— Вы хотите сказать…
— Да, это я и хочу сказать. Степанова убили. Алкоголь, который обнаружили в его желудке при вскрытии — туфта, попытка представить убийство как несчастный случай по пьянке. Расчет простой: общеизвестно, что все журналисты пьют. Не все, господин Кольцов.
— Вы говорите так, будто подозреваете в убийстве меня.
— Я этого не сказал. Это сказали вы.
— Чушь! Я был заинтересован, чтобы Степанов доработал очерк и опубликовал его в «Российском курьере». Это решало мои проблемы. Сами посудите: какой мне резон в смерти журналиста?
— Он мог узнать лишнее.
— Лишнее? О чем вы говорите? Чтобы узнать лишнее о самой захудалой компании, нужна экономическая разведка. Она есть в любой серьезной корпорации, в ней работают десятки профессионалов. А тут появляется журналист Степанов и за два дня узнает лишнее! Лишнее — что?
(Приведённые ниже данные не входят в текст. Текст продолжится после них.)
lemma spice_correction_norm_le:
  fixes D :: "real^'n^'p"
  assumes r: "r > 0" and \<eta>: "\<eta> > 0" and D: "(spec_norm D)\<^sup>2 \<le> \<eta>\<^sup>2 * r * s"
  shows "r * (norm ((1 / (\<eta> * r)) *\<^sub>R (transpose D *v u)))\<^sup>2 \<le> s * (norm u)\<^sup>2"
proof -
  have "(norm (transpose D *v u))\<^sup>2 \<le> (spec_norm D * norm u)\<^sup>2"
    by (intro power_mono norm_transpose_mult_le_spec_norm) simp
  also have "\<dots> \<le> (\<eta>\<^sup>2 * r * s) * (norm u)\<^sup>2"
    unfolding power_mult_distrib by (intro mult_right_mono D) simp
  finally have "(norm (transpose D *v u))\<^sup>2 / (\<eta>\<^sup>2 * r) \<le> s * (norm u)\<^sup>2"
    using r \<eta> by (simp add: divide_le_eq algebra_simps)
  moreover have "r * (norm ((1 / (\<eta> * r)) *\<^sub>R (transpose D *v u)))\<^sup>2
      = (norm (transpose D *v u))\<^sup>2 / (\<eta>\<^sup>2 * r)"
    using r \<eta> by (simp add: power2_eq_square field_simps)
  ultimately show ?thesis by simp
qed

lemma spice_step_descent:
  fixes X :: "(real^'n) set" and f :: "real^'n \<Rightarrow> real" and \<Phi> :: "real^'n \<Rightarrow> real^'p"
    and J :: "real^'n \<Rightarrow> real^'n^'p"
  assumes X: "convex X" and f: "convex_on UNIV f"
    and \<Phi>_convex: "\<forall>i. convex_on UNIV (\<lambda>y. \<Phi> y $ i)"
    and \<Phi>_deriv: "\<forall>y. (\<Phi> has_derivative (\<lambda>h. J y *v h)) (at y)"
    and \<rho>: "\<rho> \<ge> 0" and \<eta>: "\<eta> > 0" and r: "r > 0"
    and G: "spiceR J xb \<le> \<eta>\<^sup>2 * r * s"
    and xb: "is_arg_min (\<lambda>y. spiceL f \<Phi> y lam \<rho> \<eta> + r / 2 * (norm (y - x))\<^sup>2) (\<lambda>y. y \<in> X) xb"
    and lb: "is_arg_max (\<lambda>l. spiceL f \<Phi> xb l \<rho> \<eta> - s / 2 * (norm (l - lam))\<^sup>2)
          (\<lambda>l. l \<in> nonneg_orthant) lb"
    and xs: "xs \<in> X" and ls: "ls \<in> nonneg_orthant"
    and VI: "\<forall>y\<in>X. \<forall>l\<in>nonneg_orthant.
               \<rho> * (f y - f xs)
               + (y - xs) \<bullet> ((1 / \<eta>) *\<^sub>R (transpose (J xs) *v ls))
               + (l - ls) \<bullet> ((1 / \<eta>) *\<^sub>R (- \<Phi> xs)) \<ge> 0"
  shows "Hnorm2 r s (xb + (1 / (\<eta> * r)) *\<^sub>R (transpose (J xb) *v (lam - lb)) - xs) (lb - ls)
    \<le> Hnorm2 r s (x - xs) (lam - ls)"
proof -
  define d where "d = (1 / (\<eta> * r)) *\<^sub>R (transpose (J xb) *v (lam - lb))"
  have "r * ((xb - xs) \<bullet> d) = (1 / \<eta>) * ((lam - lb) \<bullet> (J xb *v (xb - xs)))"
    using r unfolding d_def inner_scaleR_right inner_transpose_mult_vector by simp
  also have "\<dots> \<le> r * ((x - xb) \<bullet> (xb - xs)) + s * ((lam - lb) \<bullet> (lb - ls))"
    by (rule spice_cross_term_le[OF X f \<Phi>_convex \<Phi>_deriv \<rho> \<eta> xb lb xs ls VI])
  finally have cross: "r * ((xb - xs) \<bullet> d) \<le> r * ((x - xb) \<bullet> (xb - xs)) + s * ((lam - lb) \<bullet> (lb - ls))" .
  have correction: "r * (norm d)\<^sup>2 \<le> s * (norm (lam - lb))\<^sup>2"
    unfolding d_def using G r \<eta> by (intro spice_correction_norm_le) (auto simp: spiceR_def)
  have "xb + d - xs = (xb - xs) + d" "x - xs = (x - xb) + (xb - xs)"
    "lam - ls = (lam - lb) + (lb - ls)"
    by (simp_all add: algebra_simps)
  then have "r * (norm (xb + d - xs))\<^sup>2
      = r * (norm (xb - xs))\<^sup>2 + 2 * (r * ((xb - xs) \<bullet> d)) + r * (norm d)\<^sup>2"
    "r * (norm (x - xs))\<^sup>2
      = r * (norm (x - xb))\<^sup>2 + 2 * (r * ((x - xb) \<bullet> (xb - xs))) + r * (norm (xb - xs))\<^sup>2"
    "s * (norm (lam - ls))\<^sup>2
      = s * (norm (lam - lb))\<^sup>2 + 2 * (s * ((lam - lb) \<bullet> (lb - ls))) + s * (norm (lb - ls))\<^sup>2"
    by (simp_all only: power2_norm_add) (simp_all add: ring_distribs mult.left_commute)
  moreover have "0 \<le> r * (norm (x - xb))\<^sup>2" using r by simp
  ultimately show ?thesis
    using cross correction unfolding Hnorm2_def d_def[symmetric] by linarith
qed
text \<open>Complex projective space CP(n) is modelled through homogeneous coordinates:
  points of C^{n+1} are vectors of type complex^'m with CARD('m) = n+1, and
  real functions on open subsets of CP(n) are modelled by their lifts to the
  corresponding C^*-invariant cones in C^{n+1}.\<close>

fun Ck :: "nat \<Rightarrow> 'a::euclidean_space set \<Rightarrow> ('a \<Rightarrow> real) \<Rightarrow> bool" where
  "Ck 0 S f = continuous_on S f"
| "Ck (Suc k) S f = (f differentiable_on S \<and>
      (\<forall>b\<in>Basis. Ck k S (\<lambda>x. frechet_derivative f (at x) b)))"

definition smooth_fun :: "'a::euclidean_space set \<Rightarrow> ('a \<Rightarrow> real) \<Rightarrow> bool" where
  "smooth_fun S f = (\<forall>k. Ck k S f)"

definition dderiv :: "('a::real_normed_vector \<Rightarrow> real) \<Rightarrow> 'a \<Rightarrow> 'a \<Rightarrow> real" where
  "dderiv f v x = frechet_derivative f (at x) v"

text \<open>Second Wirtinger derivative d^2 f / (dz_i d(conj z_j)) at x, where
  z_i = x_i + i y_i, written via real partial derivatives.\<close>
definition wirt2 :: "(complex^'m \<Rightarrow> real) \<Rightarrow> 'm \<Rightarrow> 'm \<Rightarrow> complex^'m \<Rightarrow> complex" where
  "wirt2 f i j x =
     (complex_of_real (dderiv (dderiv f (axis j 1)) (axis i 1) x
                     + dderiv (dderiv f (axis j \<i>)) (axis i \<i>) x)
      + \<i> * complex_of_real (dderiv (dderiv f (axis j \<i>)) (axis i 1) x
                     - dderiv (dderiv f (axis j 1)) (axis i \<i>) x)) / 4"

text \<open>Levi form of f at x evaluated at w (a real number, returned as complex).\<close>
definition levi_form :: "(complex^'m \<Rightarrow> real) \<Rightarrow> complex^'m \<Rightarrow> complex^'m \<Rightarrow> complex" where
  "levi_form f x w = (\<Sum>i\<in>UNIV. \<Sum>j\<in>UNIV. wirt2 f i j x * w$i * cnj (w$j))"

definition homog_poly :: "nat \<Rightarrow> (complex^'m \<Rightarrow> complex) \<Rightarrow> bool" where
  "homog_poly d p = (\<exists>c :: ('m \<Rightarrow> nat) \<Rightarrow> complex.
     \<forall>z. p z = (\<Sum>\<alpha>\<in>{\<alpha>::'m\<Rightarrow>nat. (\<Sum>i\<in>UNIV. \<alpha> i) = d}. c \<alpha> * (\<Prod>i\<in>UNIV. (z$i) ^ \<alpha> i)))"

text \<open>Cone over CP(n) \ X, X = common zero set of P 0, ..., P (k-1).\<close>
definition compl_cone :: "nat \<Rightarrow> (nat \<Rightarrow> complex^'m \<Rightarrow> complex) \<Rightarrow> (complex^'m) set" where
  "compl_cone k P = {z. z \<noteq> 0 \<and> \<not> (\<forall>i<k. P i z = 0)}"

text \<open>f (lifted to the C^*-invariant cone U) is a function on the projectivization of U.\<close>
definition proj_invariant :: "(complex^'m) set \<Rightarrow> (complex^'m \<Rightarrow> real) \<Rightarrow> bool" where
  "proj_invariant U f = (\<forall>z\<in>U. \<forall>c::complex. c \<noteq> 0 \<longrightarrow> f (c *s z) = f z)"

text \<open>l-strict plurisubharmonicity on the projectivization of U, via the lift:
  the Levi form of the lift is the pullback of the Levi form on CP(n) under
  the projection, whose kernel is the line C z.\<close>
definition strictly_psh :: "nat \<Rightarrow> (complex^'m) set \<Rightarrow> (complex^'m \<Rightarrow> real) \<Rightarrow> bool" where
  "strictly_psh l U f = (\<forall>z\<in>U. \<exists>E. vec.subspace E \<and> vec.dim E = l \<and>
      (\<forall>v\<in>E. v \<noteq> 0 \<longrightarrow> Re (levi_form f z v) > 0))"
text \<open>Part (iv): a negative minimum of a unimodal g forces exactly two roots, one on each side
  of the minimum point, and by (ii), (iii) they lie strictly between z_l and z_r.\<close>

lemma g_two_roots:
  fixes a b m :: real
  assumes ab: "2 < a" "a \<le> b" and m: "0 < m" "m < 1"
    and anti: "strict_antimono_on {0<..m} (\<lambda>z. g z a b)"
    and mono: "strict_mono_on {m..<1} (\<lambda>z. g z a b)"
    and neg: "g m a b < 0"
  shows "\<exists>z1 z2. z1 < z2 \<and> {z\<in>{0<..<1}. g z a b = 0} = {z1, z2} \<and> zl a < z1 \<and> z2 < zr b"
proof -
  note zl = zl_props[OF ab(1)]
  have zr: "0 < zr b" "zr b < 1" using zr_props[of b] ab by auto
  have g_zl: "g (zl a) a b > 0" and g_zr: "g (zr b) a b > 0"
    using g_pos_left[OF ab] g_pos_right[OF ab] zl zr by auto
  have "zl a < m" using g_pos_left[OF ab m(1)] neg by force
  moreover have "m < zr b" using g_pos_right[OF ab _ m(2)] neg by force
  ultimately have cont: "\<forall>z. zl a \<le> z \<and> z \<le> zr b \<longrightarrow> isCont (\<lambda>w. g w a b) z"
    using zl zr by (auto intro!: g_isCont)
  have "\<exists>z. zl a \<le> z \<and> z \<le> m \<and> g z a b = 0"
    using neg g_zl \<open>zl a < m\<close> \<open>m < zr b\<close> cont by (intro IVT2) auto
  then obtain z1 where z1: "zl a \<le> z1" "z1 \<le> m" "g z1 a b = 0" by blast
  have "\<exists>z. m \<le> z \<and> z \<le> zr b \<and> g z a b = 0"
    using neg g_zr \<open>zl a < m\<close> \<open>m < zr b\<close> cont by (intro IVT) auto
  then obtain z2 where z2: "m \<le> z2" "z2 \<le> zr b" "g z2 a b = 0" by blast
  have z1_strict: "zl a < z1" "z1 < m" and z2_strict: "m < z2" "z2 < zr b"
    using z1 z2 g_zl g_zr neg by (auto simp: order_le_less)
  have inj_left: "inj_on (\<lambda>z. g z a b) {0<..m}" using anti strict_antimono_iff_antimono by blast
  have inj_right: "inj_on (\<lambda>z. g z a b) {m..<1}" using mono strict_mono_on_imp_inj_on by blast
  have "{z\<in>{0<..<1}. g z a b = 0} = {z1, z2}"
  proof (intro set_eqI iffI)
    fix z assume "z \<in> {z\<in>{0<..<1}. g z a b = 0}"
    then have z: "0 < z" "z < 1" "g z a b = 0" by auto
    show "z \<in> {z1, z2}"
    proof (cases "z \<le> m")
      case True
      then have "z = z1" using inj_onD[OF inj_left, of z z1] z z1 z1_strict zl by force
      then show ?thesis by simp
    next
      case False
      then have "z = z2" using inj_onD[OF inj_right, of z z2] z z2 z2_strict zr by force
      then show ?thesis by simp
    qed
  qed (use z1 z2 z1_strict z2_strict zl zr in auto)
  then show ?thesis using z1_strict z2_strict by (intro exI conjI) auto
qed
text \<open>For \<open>n dt \<le> t < (n + 1) dt\<close> the two processes differ by \<open>frac (t N)\<close> times the
  increment \<open>x\<^sup>n\<^sup>+\<^sup>1 - x\<^sup>n\<close>, so it suffices to bound the second moment of one step of the chain.
  From \<open>x\<close> the chain jumps to \<open>A Y\<close>, where \<open>Y = (j\<^sub>1/N\<^sub>1, j\<^sub>2/N\<^sub>2)\<close> has
  independent rescaled binomial coordinates, and \<open>A Y - x = (Y - x) - (\<kappa>/N) M Y\<close>. The fluctuation
  \<open>Y - x\<close> has second moment \<open>x\<^sub>1(1 - x\<^sub>1)/N\<^sub>1 + x\<^sub>2(1 - x\<^sub>2)/N\<^sub>2 \<le> (1/N\<^sub>1 + 1/N\<^sub>2)/4\<close>,
  and the drift is \<open>O(\<kappa>/N)\<close> because \<open>M\<close> is bounded on \<open>[0,1]\<^sup>2\<close>, which the chain never
  leaves: each coordinate of \<open>A y\<close> is a convex combination of \<open>y\<^sub>1\<close> and \<open>y\<^sub>2\<close>.\<close>

lemma norm_diff_power2_le:
  fixes a b :: "'a::real_normed_vector"
  shows "(norm (a - b))\<^sup>2 \<le> 2 * (norm a)\<^sup>2 + 2 * (norm b)\<^sup>2"
proof -
  have "(norm (a - b))\<^sup>2 \<le> (norm a + norm b)\<^sup>2"
    by (simp add: norm_triangle_ineq4 power_mono)
  also have "\<dots> \<le> 2 * (norm a)\<^sup>2 + 2 * (norm b)\<^sup>2"
    using sum_squares_bound[of "norm a" "norm b"] by (simp add: power2_sum)
  finally show ?thesis .
qed

lemma expectation_bind_pmf_le:
  fixes f :: "'b \<Rightarrow> real"
  assumes nonneg: "\<And>y. 0 \<le> f y"
    and integrable: "\<And>x. x \<in> set_pmf M \<Longrightarrow> integrable (measure_pmf (K x)) f"
    and bound: "\<And>x. x \<in> set_pmf M \<Longrightarrow> measure_pmf.expectation (K x) f \<le> c"
    and c_nonneg: "0 \<le> c"
  shows "measure_pmf.expectation (bind_pmf M K) f \<le> c"
proof -
  have "(\<integral>\<^sup>+y. ennreal (f y) \<partial>bind_pmf M K) = (\<integral>\<^sup>+x. \<integral>\<^sup>+y. ennreal (f y) \<partial>K x \<partial>M)"
    by simp
  also have "\<dots> \<le> (\<integral>\<^sup>+x. ennreal c \<partial>M)"
  proof (rule nn_integral_mono_AE, unfold AE_measure_pmf_iff, intro ballI)
    fix x assume x: "x \<in> set_pmf M"
    have "(\<integral>\<^sup>+y. ennreal (f y) \<partial>K x) = ennreal (measure_pmf.expectation (K x) f)"
      using integrable[OF x] nonneg by (intro nn_integral_eq_integral) auto
    also have "\<dots> \<le> ennreal c"
      using bound[OF x] by (rule ennreal_leI)
    finally show "(\<integral>\<^sup>+y. ennreal (f y) \<partial>K x) \<le> ennreal c" .
  qed
  finally have "(\<integral>\<^sup>+y. ennreal (f y) \<partial>bind_pmf M K) \<le> ennreal c"
    by simp
  then show ?thesis
    using c_nonneg by (simp add: integral_eq_nn_integral nonneg enn2real_leI)
qed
Выскажите хоть какое-нибудь предположение, чтобы я понял, что имею дело с серьезным журналистом, а не с безответственным болтуном!
— Он мог узнать, что на промыслах добывают неучтенную нефть и гонят налево.
— У вас больное воображение, Лозовский. Вы никогда этого не докажете. Потому что невозможно доказать того, чего не было и быть не могло! Неучтенка! Да нас проверяли десятки раз! И если бы обнаружили хотя бы тонну неучтенки, я бы сидел не здесь, а в тюрьме!
— А я не собираюсь ничего доказывать. Вот что появится в ближайшем номере «Курьера» на первой полосе: «В поселке Нюда убит наш собственный корреспондент. Он собирал материал для очерка о фирме „Союз“ и ее дочерней компании „Нюда-нефть“». И все. Здесь каждое слово правда. Даже если вы наймете команду лучших юристов, они не смогут обвинить нас в диффамации. «Шапка» будет семьдесят вторым кеглем. Знаете, как выглядит семьдесят второй кегль? — Лозовский показал пальцами размер кегля: — Вот так. Такими буквами будет набрана «шапка». А теперь я вам скажу, какой будет «шапка». В ней будет всего два слова: «За что?» Как отреагирует на это биржа?
— Это шантаж!
— Да.
— Чего вы добиваетесь?
— Я вам уже сказал. Я хочу, чтобы убийцы Степанова получили свое. Я хочу, чтобы вы поставили на уши доблестную тюменскую милицию во главе с ее начальником. Я не могу этого сделать. Вы можете.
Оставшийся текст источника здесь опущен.